(* For every natural number $\alpha<\omega$ and every $n\in\mathbb N$, $n\ge1$, \[ f_{(\omega^{\omega^\alpha})^n}\in d_{1/2}^{\omega^{1+\alpha}\cdot n}\Big(B_{\ell_1([0,(\omega^{\omega^\alpha})^n])}\Big). \]
   Context: Ordinal arithmetic throughout. For an ordinal $\gamma$, $[0,\gamma]$ has the order topology and $\ell_1([0,\gamma])$ is identified with $C([0,\gamma])^*$ (weak$^*$-topology accordingly). For $\beta\le\gamma$, $f_\beta\in\ell_1([0,\gamma])$ is the indicator of $\{\beta\}$. For a weak$^*$-compact $K$ in a dual $X^*$: $H(x,t)=\{x^*: x^*(x)>t\}$; a weak$^*$-slice of $K$ is a nonempty $H(x,t)\cap K$; $d_\varepsilon K$ is $K$ minus the union of all weak$^*$-slices of $K$ of norm diameter $<\varepsilon$; $d_\varepsilon^0K=K$, $d_\varepsilon^{\beta+1}K=d_\varepsilon(d_\varepsilon^\beta K)$, $d_\varepsilon^\beta K=\bigcap_{\mu<\beta}d_\varepsilon^\mu K$ for limit $\beta$. *)

theory Defs
  imports "HOL-Analysis.Analysis" "HOL-Library.Multiset_Order"
begin

text \<open>A multiset M over a well-ordered exponent type represents the ordinal
  in Cantor normal form whose exponents (with multiplicity) are the elements of M,
  i.e. the sum of omega^e over e in M in decreasing order.
  The multiset (Dershowitz-Manna) order of Multiset_Order is exactly the ordinal
  order on Cantor normal forms.  Hence nat (= ordinals below omega) encodes
  finite ordinals, nat multiset encodes the ordinals below omega^omega,
  and nat multiset multiset encodes the ordinals below omega^(omega^omega).\<close>

definition omega_pow_times :: "'e \<Rightarrow> nat \<Rightarrow> 'e multiset" where
  "omega_pow_times e n = replicate_mset n e"

definition omega_pow :: "'e \<Rightarrow> 'e multiset" where
  "omega_pow e = {#e#}"

definition is_pred :: "'i::wellorder \<Rightarrow> 'i \<Rightarrow> bool" where
  "is_pred \<mu> \<beta> \<longleftrightarrow> \<mu> < \<beta> \<and> \<not> (\<exists>\<nu>. \<mu> < \<nu> \<and> \<nu> < \<beta>)"

definition trans_iter :: "('b set \<Rightarrow> 'b set) \<Rightarrow> 'b set \<Rightarrow> 'i::wellorder \<Rightarrow> 'b set" where
  "trans_iter D K = wfrec {(\<mu>, \<beta>). \<mu> < \<beta>}
     (\<lambda>F \<beta>. if \<not> (\<exists>\<mu>. \<mu> < \<beta>) then K
            else if (\<exists>\<mu>. is_pred \<mu> \<beta>) then D (F (THE \<mu>. is_pred \<mu> \<beta>))
            else (\<Inter>\<mu>\<in>{\<mu>. \<mu> < \<beta>}. F \<mu>))"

▸ **WORK REQUEST**: Copy the lines of the entries above that mention "ordinals".

▸ **RESPONSE BOX**:
  order on Cantor normal forms.  Hence nat (= ordinals below omega) encodes
  finite ordinals, nat multiset encodes the ordinals below omega^omega,
  and nat multiset multiset encodes the ordinals below omega^(omega^omega).\<close>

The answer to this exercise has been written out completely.